Tori had it all in her hometown, but she had to abandon everything, including her name, when her alien powers were discovered. Scientists, alien agents, and her own past life are chasing her.
Note: includes an insult equating being asexual and alien but overall positive asexual representation.
Check out this book and more on our best of list for books with asexual characters.
Publisher’s Description:
Back home Tori was the girl who had everything a sixteen-year-old could want—popularity, money, beauty. Everything. Including a secret. That secret made her very valuable.
Now she’s left everything from her old life behind, including her real name and Alison, the only person who truly understood her. She can’t lose the secret. But if she wants to have anything resembling a normal life, she has to blend in and hide her unique…talents.Plans change when the enigmatic Sebastian Faraday reappears in Tori’s life and delivers bad news: she hasn’t escaped. In fact, she’s attracted new interest in the form of an obsessed ex-detective now in the employ of a genetics lab.

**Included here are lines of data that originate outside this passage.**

definition large_power_const :: "real \<Rightarrow> real \<Rightarrow> real" where
  "large_power_const \<gamma> l2 =
     4 * (snr_const \<gamma> + 3 * \<gamma>) / l2 + sqrt (2 * strips_const \<gamma> l2 * snr_const \<gamma> / l2) + 6 * \<gamma> / l2"

lemma large_power_const_nonneg: "0 < \<gamma> \<Longrightarrow> 0 < l2 \<Longrightarrow> 0 \<le> large_power_const \<gamma> l2"
  unfolding large_power_const_def snr_const_def using strips_const_nonneg[of \<gamma> l2] by simp

lemma out_loss_large_power:
  assumes l12: "l2 \<le> l1" and l2: "0 < l2" and rth: "0 < rth" and P: "0 < P"
    and D: "0 < \<Delta>" and D1: "\<Delta> \<le> 1" and T: "0 \<le> T" and tail: "exp (- T * \<Delta> / l1) \<le> sqrt \<Delta>"
    and g: "\<gamma> = 2 powr rth - 1" and large: "4 * (1 + \<gamma>)^2 \<le> P * (T * \<Delta> + \<Delta>)"
  shows "out_loss l1 l2 P rth \<Delta> T \<le> large_power_const \<gamma> l2 * sqrt \<Delta> * (1 + sqrt P) / P"
proof -
  have l1: "0 < l1" and g0: "0 < \<gamma>" and M: "0 \<le> T * \<Delta>"
    using l12 l2 g rth T D by simp_all
  then have C0: "0 \<le> snr_const \<gamma>"
    unfolding snr_const_def by simp
  define r where "r = snr_bound P \<Delta> \<gamma> / P"
  have r: "r = (snr_const \<gamma> + 3 * \<gamma> * sqrt (\<Delta> * P)) / P" and r0: "0 \<le> r"
    unfolding r_def snr_bound_def using P g0 D C0 by simp_all
  have low: "h \<le> r" if "P * h \<le> snr_bound P \<Delta> \<gamma>" for h
    using that P unfolding r_def by (simp add: pos_le_divide_eq mult.commute)
  have "out_loss l1 l2 P rth \<Delta> T \<le> measure (chan l1 l2) (loss_region P \<gamma> \<Delta> (T * \<Delta>) \<inter> {(x, y). x \<le> r \<or> y \<le> r})"
  proof (intro out_loss_le_measure l1 l2 sets.Int loss_region_measurable)
    show "{(x, y). x \<le> r \<or> y \<le> r} \<in> sets (borel \<Otimes>\<^sub>M borel)"
      by (rule pred_pair_set_borel) measurable
    fix h1 h2
    assume h: "0 < h1" "0 < h2" and q: "rq P \<Delta> T h1 h2 < rth" and r: "\<not> rmax P h1 h2 < rth"
    from loss_event[OF P rth D T h g q r]
    show "(h1, h2) \<in> loss_region P \<gamma> \<Delta> (T * \<Delta>) \<inter> {(x, y). x \<le> r \<or> y \<le> r}"
      using large low unfolding loss_region_def by auto
  qed
  also have "\<dots> \<le> 4 * sqrt \<Delta> * r / l2 + min (strips_const \<gamma> l2 * \<Delta>) (2 * r / l2)"
    using tail by (intro measure_loss_region_low_snr l12 l2 P g0 D M r0) simp
  also have "\<dots> \<le> 4 * (snr_const \<gamma> + 3 * \<gamma>) / l2 * sqrt \<Delta> * (1 + sqrt P) / P
      + (sqrt (2 * strips_const \<gamma> l2 * snr_const \<gamma> / l2) + 6 * \<gamma> / l2) * sqrt \<Delta> * (1 + sqrt P) / P"
    unfolding r using g0
    by (intro add_mono far_strips_term_le[OF P D D1 _ l2 C0]
        near_strips_term_le[OF P D _ l2 strips_const_nonneg[OF g0 l2] C0]) auto
  also have "\<dots> = large_power_const \<gamma> l2 * sqrt \<Delta> * (1 + sqrt P) / P"
    unfolding large_power_const_def using P l2 by (simp add: field_simps)
  finally show ?thesis .
qed

lemma saturation_level_eq:
  fixes l1 \<Delta> :: real
  assumes "0 < \<Delta>"
  shows "l1 / (2 * \<Delta>) * ln (1 / \<Delta>) * \<Delta> = l1 / 2 * ln (1 / \<Delta>)"
  using assms by simp

lemma exp_saturation_level:
  fixes l1 \<Delta> :: real
  assumes l1: "0 < l1" and D: "0 < \<Delta>"
  shows "exp (- (l1 / (2 * \<Delta>) * ln (1 / \<Delta>)) * \<Delta> / l1) = sqrt \<Delta>"
proof -
  have "- (l1 / (2 * \<Delta>) * ln (1 / \<Delta>)) * \<Delta> / l1 = - (l1 / 2 * ln (1 / \<Delta>)) / l1"
    using saturation_level_eq[OF D, of l1] by simp
  also have "\<dots> = ln \<Delta> * (1 / 2)"
    using l1 D by (simp add: ln_div)
  finally have "exp (- (l1 / (2 * \<Delta>) * ln (1 / \<Delta>)) * \<Delta> / l1) = \<Delta> powr (1 / 2)"
    using D by (simp add: powr_def)
  then show ?thesis
    using D by (simp add: powr_half_sqrt)
qed

lemma saturation_level_ge:
  fixes l1 \<Delta> :: real
  assumes l1: "0 < l1" and D: "0 < \<Delta>" and D1: "\<Delta> \<le> 1"
  shows "min (exp (- 1)) (l1 / 2) \<le> l1 / (2 * \<Delta>) * ln (1 / \<Delta>) * \<Delta> + \<Delta>"
  unfolding saturation_level_eq[OF D]
proof (cases "exp (- 1) \<le> \<Delta>")
  case True
  have "0 \<le> l1 / 2 * ln (1 / \<Delta>)"
    using l1 D D1 by simp
  then show "min (exp (- 1)) (l1 / 2) \<le> l1 / 2 * ln (1 / \<Delta>) + \<Delta>"
    using True by linarith
next
  case False
  then have "ln \<Delta> < ln (exp (- 1))"
    using D by (subst ln_less_cancel_iff) auto
  then have "1 < ln (1 / \<Delta>)"
    using D by (simp add: ln_div)
  then have "l1 / 2 < l1 / 2 * ln (1 / \<Delta>)"
    using l1 by simp
  then show "min (exp (- 1)) (l1 / 2) \<le> l1 / 2 * ln (1 / \<Delta>) + \<Delta>"
    using D by linarith
qed

lemma power_saturation_ge:
  fixes l1 \<Delta> c P :: real
  assumes l1: "0 < l1" and D: "0 < \<Delta>" and D1: "\<Delta> \<le> 1"
    and P: "max 1 (c / min (exp (- 1)) (l1 / 2)) < P"
  shows "c \<le> P * (l1 / (2 * \<Delta>) * ln (1 / \<Delta>) * \<Delta> + \<Delta>)"
proof -
  have m0: "0 < min (exp (- 1)) (l1 / 2)"
    using l1 by simp
  have "c / min (exp (- 1)) (l1 / 2) < P"
    using P by simp
  then have "c \<le> P * min (exp (- 1)) (l1 / 2)"
    using m0 by (simp add: divide_less_eq mult.commute)
  also have "\<dots> \<le> P * (l1 / (2 * \<Delta>) * ln (1 / \<Delta>) * \<Delta> + \<Delta>)"
    using saturation_level_ge[OF l1 D D1] P by (intro mult_left_mono) auto
  finally show ?thesis .
qed

lemma two_regime_bound:
  fixes f :: "real \<Rightarrow> real \<Rightarrow> real"
  assumes CA: "0 < CA" and CB: "0 \<le> CB" and c: "0 < c" and Ps: "1 \<le> Ps"
    and small: "\<And>P \<Delta>. 0 < P \<Longrightarrow> 0 < \<Delta> \<Longrightarrow> \<Delta> \<le> 1 \<Longrightarrow> f P \<Delta> \<le> exp (- c / P) * sqrt \<Delta> * CA"
    and large: "\<And>P \<Delta>. Ps < P \<Longrightarrow> 0 < \<Delta> \<Longrightarrow> \<Delta> \<le> 1 \<Longrightarrow> f P \<Delta> \<le> CB * sqrt \<Delta> * (1 + sqrt P) / P"
  shows "\<exists>C5 C6. C5 > 0 \<and> C6 > 0 \<and> (\<forall>P \<Delta>. P > 0 \<longrightarrow> 0 < \<Delta> \<longrightarrow> \<Delta> \<le> 1 \<longrightarrow>
    f P \<Delta> \<le> C5 * exp (- C6 / P) * (1 + sqrt P) / P * sqrt \<Delta>)"
proof (intro exI conjI allI impI)
  define C5 where "C5 = CA * Ps + CB * exp c"
  show "C5 > 0" "c > 0"
    unfolding C5_def using CA CB Ps c by (simp_all add: add_pos_nonneg)
  fix P \<Delta> :: real
  assume P: "P > 0" and D: "0 < \<Delta>" "\<Delta> \<le> 1"
  have k: "0 \<le> sqrt \<Delta> * (1 + sqrt P) / P"
    using P D by simp
  show "f P \<Delta> \<le> C5 * exp (- c / P) * (1 + sqrt P) / P * sqrt \<Delta>"
  proof (cases "P \<le> Ps")
    case True
    have "CA \<le> CA * Ps / P"
      using CA True P by (simp add: le_divide_eq mult_left_mono)
    also have "\<dots> \<le> C5 / P"
      unfolding C5_def using CB P by (intro divide_right_mono) auto
    also have "\<dots> \<le> C5 * ((1 + sqrt P) / P)"
      using P \<open>C5 > 0\<close> by (simp add: divide_right_mono)
    finally have "exp (- c / P) * sqrt \<Delta> * CA \<le> exp (- c / P) * sqrt \<Delta> * (C5 * ((1 + sqrt P) / P))"
      using D by (intro mult_left_mono) auto
    then show ?thesis
      using small[OF P D] by (simp add: ac_simps)
  next
    case False
    have "exp (- c) \<le> exp (- c / P)"
      using False Ps c by (simp add: divide_le_eq)
    then have "CB * exp c * exp (- c) \<le> CB * exp c * exp (- c / P)"
      using CB by (intro mult_left_mono) auto
    then have "CB \<le> CB * exp c * exp (- c / P)"
      by (simp add: mult.assoc exp_minus_inverse)
    also have "\<dots> \<le> C5 * exp (- c / P)"
      unfolding C5_def using CA Ps by (intro mult_right_mono) auto
    finally have "CB * (sqrt \<Delta> * (1 + sqrt P) / P) \<le> C5 * exp (- c / P) * (sqrt \<Delta> * (1 + sqrt P) / P)"
      using k by (rule mult_right_mono)
    then show ?thesis
      using large[of P \<Delta>] False D by (simp add: ac_simps)
  qed
qed
lemma two_integral_mult:
  assumes "two_integral x" "two_integral y"
  shows "two_integral (x * y)"
proof -
  obtain a b c d where "odd b" "odd d" "x = of_int a / of_int b" "y = of_int c / of_int d"
    using assms unfolding two_integral_def by blast
  then have "x * y = of_int (a * c) / of_int (b * d)" "odd (b * d)"
    by auto
  then show ?thesis unfolding two_integral_def by blast
qed

lemma two_integral_minus: "two_integral x \<Longrightarrow> two_integral (- x)"
  using two_integral_mult[OF two_integral_of_int[of "- 1"], of x] by simp

lemma two_integral_diff: "two_integral x \<Longrightarrow> two_integral y \<Longrightarrow> two_integral (x - y)"
  using two_integral_add[of x "- y"] two_integral_minus[of y] by simp

lemma two_integral_0: "two_integral 0"
  using two_integral_of_int[of 0] by simp

lemma two_integral_sum: "(\<And>i. i \<in> A \<Longrightarrow> two_integral (f i)) \<Longrightarrow> two_integral (sum f A)"
  by (induction A rule: infinite_finite_induct) (auto simp: two_integral_0 two_integral_add)

lemma two_unit_imp_two_integral: "two_unit x \<Longrightarrow> two_integral x"
  unfolding two_unit_def two_integral_def by blast

lemma two_unit_of_int: "odd a \<Longrightarrow> two_unit (of_int a)"
  unfolding two_unit_def by (rule exI[of _ a], rule exI[of _ 1]) simp

lemma two_unit_mult:
  assumes "two_unit x" "two_unit y"
  shows "two_unit (x * y)"
proof -
  obtain a b c d where "odd a" "odd b" "odd c" "odd d" "x = of_int a / of_int b" "y = of_int c / of_int d"
    using assms unfolding two_unit_def by blast
  then have "x * y = of_int (a * c) / of_int (b * d)" "odd (a * c)" "odd (b * d)"
    by auto
  then show ?thesis unfolding two_unit_def by blast
qed

lemma two_unit_inverse:
  assumes "two_unit x"
  shows "two_unit (inverse x)"
proof -
  obtain a b where "odd a" "odd b" "x = of_int a / of_int b"
    using assms unfolding two_unit_def by blast
  then have "inverse x = of_int b / of_int a" "odd b" "odd a" by simp_all
  then show ?thesis unfolding two_unit_def by blast
qed

lemma two_unit_divide: "two_unit x \<Longrightarrow> two_unit y \<Longrightarrow> two_unit (x / y)"
  by (simp add: divide_inverse two_unit_mult two_unit_inverse)

lemma two_unit_abs:
  assumes "two_unit x"
  shows "two_unit \<bar>x\<bar>"
proof -
  obtain a b where "odd a" "odd b" "x = of_int a / of_int b"
    using assms unfolding two_unit_def by blast
  then have "\<bar>x\<bar> = of_int \<bar>a\<bar> / of_int \<bar>b\<bar>" "odd \<bar>a\<bar>" "odd \<bar>b\<bar>"
    by (simp_all add: abs_divide)
  then show ?thesis unfolding two_unit_def by blast
qed

lemma two_integral_divide: "two_integral x \<Longrightarrow> two_unit u \<Longrightarrow> two_integral (x / u)"
  by (simp add: divide_inverse two_integral_mult two_unit_imp_two_integral two_unit_inverse)

lemma two_unit_double_diff:
  assumes "two_integral x" "two_unit u"
  shows "two_unit (2 * x - u)"
proof -
  obtain a b c d where odd: "odd b" "odd c" "odd d"
    and x: "x = of_int a / of_int b" and u: "u = of_int c / of_int d"
    using assms unfolding two_integral_def two_unit_def by blast
  have "2 * x - u = of_int (2 * a * d - c * b) / of_int (b * d)"
    unfolding x u using odd by (simp add: field_simps)
  moreover have "odd (2 * a * d - c * b)" "odd (b * d)" using odd by simp_all
  ultimately show ?thesis unfolding two_unit_def by blast
qed
(* Suppose that the modal operator $\bullet$ occurs neither in any type of the typing context $\Gamma$ nor in the type expression $A$ (note that $\top=\mu X.\bullet X$ contains $\bullet$). If $\Gamma\vdash M:A$ is derivable in $\lambda$A, then $M$ is $\beta$-normalizable.
   Context: Type expressions: fix a countably infinite set of type variables $X,Y,Z,\dots$. Pseudo type expressions are generated by $A::=X\mid A\to A\mid \bullet A\mid \mu X.A$ ($\mu$ binds $X$; $\alpha$-convertible expressions are identified; $\to$ associates to the right; $\bullet$ binds tighter than $\to$, which binds tighter than $\mu$). $A[B/X]$ denotes capture-avoiding substitution. $\top$ abbreviates $\mu X.\bullet X$, and $\bullet^n A$ denotes $A$ prefixed by $n$ copies of $\bullet$. The tail $t(A)$ is defined by $t(X)=X$, $t(A\to B)=t(B)$, $t(\bullet A)=\bullet t(A)$, $t(\mu X.A)=\mu X.t(A)$; it always has the form $\bullet^{m_0}\mu X_1.\bullet^{m_1}\mu X_2.\cdots\mu X_n.\bullet^{m_n}Y$. $A$ is a $\top$-variant iff $Y=X_i$ for some $1\le i\le n$ with $X_i\notin\{X_{i+1},\dots,X_n\}$ and $m_i+\dots+m_n\ge 1$. $A$ is proper in $X$ iff: a variable $Y$ is proper in $X$ iff $Y\neq X$; $\bullet A$ is always proper in $X$; $A\to B$ is proper in $X$ iff both $A,B$ are proper in $X$ or $B$ is a $\top$-variant; for $Y\ne X$, $\mu Y.A$ is proper in $X$ iff $A$ is proper in $X$ or $\mu Y.A$ is a $\top$-variant. Type expressions are the least set of pseudo type expressions containing all type variables, closed under $\to$ and $\bullet$, and containing $\mu X.A$ whenever it contains $A$ and $A$ is proper in $X$. Equality: $\cong$ is the least relation on type expressions such that: $A\cong A$; $A\cong B$ implies $B\cong A$; $A\cong B$ and $B\cong C$ imply $A\cong C$; $A\cong B$ implies $\bullet A\cong\bullet B$; $A\cong C$ and $B\cong D$ imply $A\to B\cong C\to D$; $A\to\top\cong\top$; $\mu X.A\cong A[\mu X.A/X]$; and if $A\cong C[A/X]$ with $C$ proper in $X$, then $A\cong\mu X.C$. $\simeq$ is the least relation satisfying the same closure conditions and additionally $\bullet(A\to B)\simeq\bullet A\to\bullet B$. Subtyping: a subtyping assumption $\gamma$ is a finite set of pairs $X\preceq Y$ of type variables in which each type variable occurs at most once; $FTV(\gamma)$ is the set of variables occurring in it. Judgments $\gamma\vdash A\preceq B$ are derived by the rules: $\gamma\cup\{X\preceq Y\}\vdash X\preceq Y$; $\gamma\vdash A\preceq\top$; from $A\simeq B$ infer $\gamma\vdash A\preceq B$; from $\gamma_1\vdash A\preceq B$ and $\gamma_2\vdash B\preceq C$ infer $\gamma_1\cup\gamma_2\vdash A\preceq C$; from $\gamma\vdash A\preceq B$ infer $\gamma\vdash\bullet A\preceq\bullet B$; from $\gamma_1\vdash A'\preceq A$ and $\gamma_2\vdash B\preceq B'$ infer $\gamma_1\cup\gamma_2\vdash A\to B\preceq A'\to B'$; from $\gamma\cup\{X\preceq Y\}\vdash A\preceq B$ infer $\gamma\vdash\mu X.A\preceq\mu Y.B$, provided $X\notin FTV(\gamma)\cup FTV(B)$, $Y\notin FTV(\gamma)\cup FTV(A)$, $A$ is proper in $X$ and $B$ is proper in $Y$; and $\gamma\vdash A\preceq\bullet A$. All sets $\gamma\cup\{X\preceq Y\}$, $\gamma_1\cup\gamma_2$ must be well-formed subtyping assumptions. $A\preceq B$ means $\{\}\vdash A\preceq B$ is derivable. Typing system $\lambda$A: untyped $\lambda$-terms $M::=x\mid\lambda x.M\mid MM$ (identified up to $\alpha$-conversion). A typing context $\Gamma$ is a finite map from individual variables to type expressions, written $\{x_1:A_1,\dots,x_n:A_n\}$; $\bullet\Gamma$ is $\{x_1:\bullet A_1,\dots,x_n:\bullet A_n\}$; unions of contexts must be well-formed (a variable receives at most one type). Rules: (var) $\Gamma\cup\{x:A\}\vdash x:A$; (shift) from $\bullet\Gamma\vdash M:\bullet A$ infer $\Gamma\vdash M:A$; ($\top$) $\Gamma\vdash M:\top$; ($\preceq$) from $\Gamma\vdash M:A$ and $A\preceq B$ infer $\Gamma\vdash M:B$; ($\to$I) from $\Gamma\cup\{x:A\}\vdash M:B$ infer $\Gamma\vdash\lambda x.M:A\to B$; ($\to$E) from $\Gamma_1\vdash M:A\to B$ and $\Gamma_2\vdash N:A$ infer $\Gamma_1\cup\Gamma_2\vdash MN:B$. *)

theory Defs
  imports Main
begin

She has only one shot at ditching her past for good and living like the normal human she wishes she could be. Tori must use every ounce of her considerable hacking and engineering skills—and even then, she might need to sacrifice more than she could possibly imagine if she wants to be free.
Genre: Contemporary, Science Fiction
Representation:
Gender:
Cis girls: Tori/Nikki, Alison
Cis boys: Milo, Sebastian Faraday
Sexuality:
Asexual: Tori
Heterosexual: Sebastian Faraday, Milo, Alison
Romantic Orientation:
Not mentioned in the book. The text suggests Tori is demiromantic or WTF-romantic.
Race/Ethnicity:
White: Tori, Sebastian Faraday, Alison
Korean: Milo
Religion:
Christianity: Milo
Disability:
Alison has an undiagnosed mental illness. (Actually, her synaesthesia makes her susceptible to alien technology.)
Additional Notes:
Though this is an companion novel that can be read as a stand-alone, it deals with the fall-out of Ultraviolet and contains major spoilers for that book. It has one instance of equating asexuality to being an alien as an insult, but is overall a positive depiction of asexuality.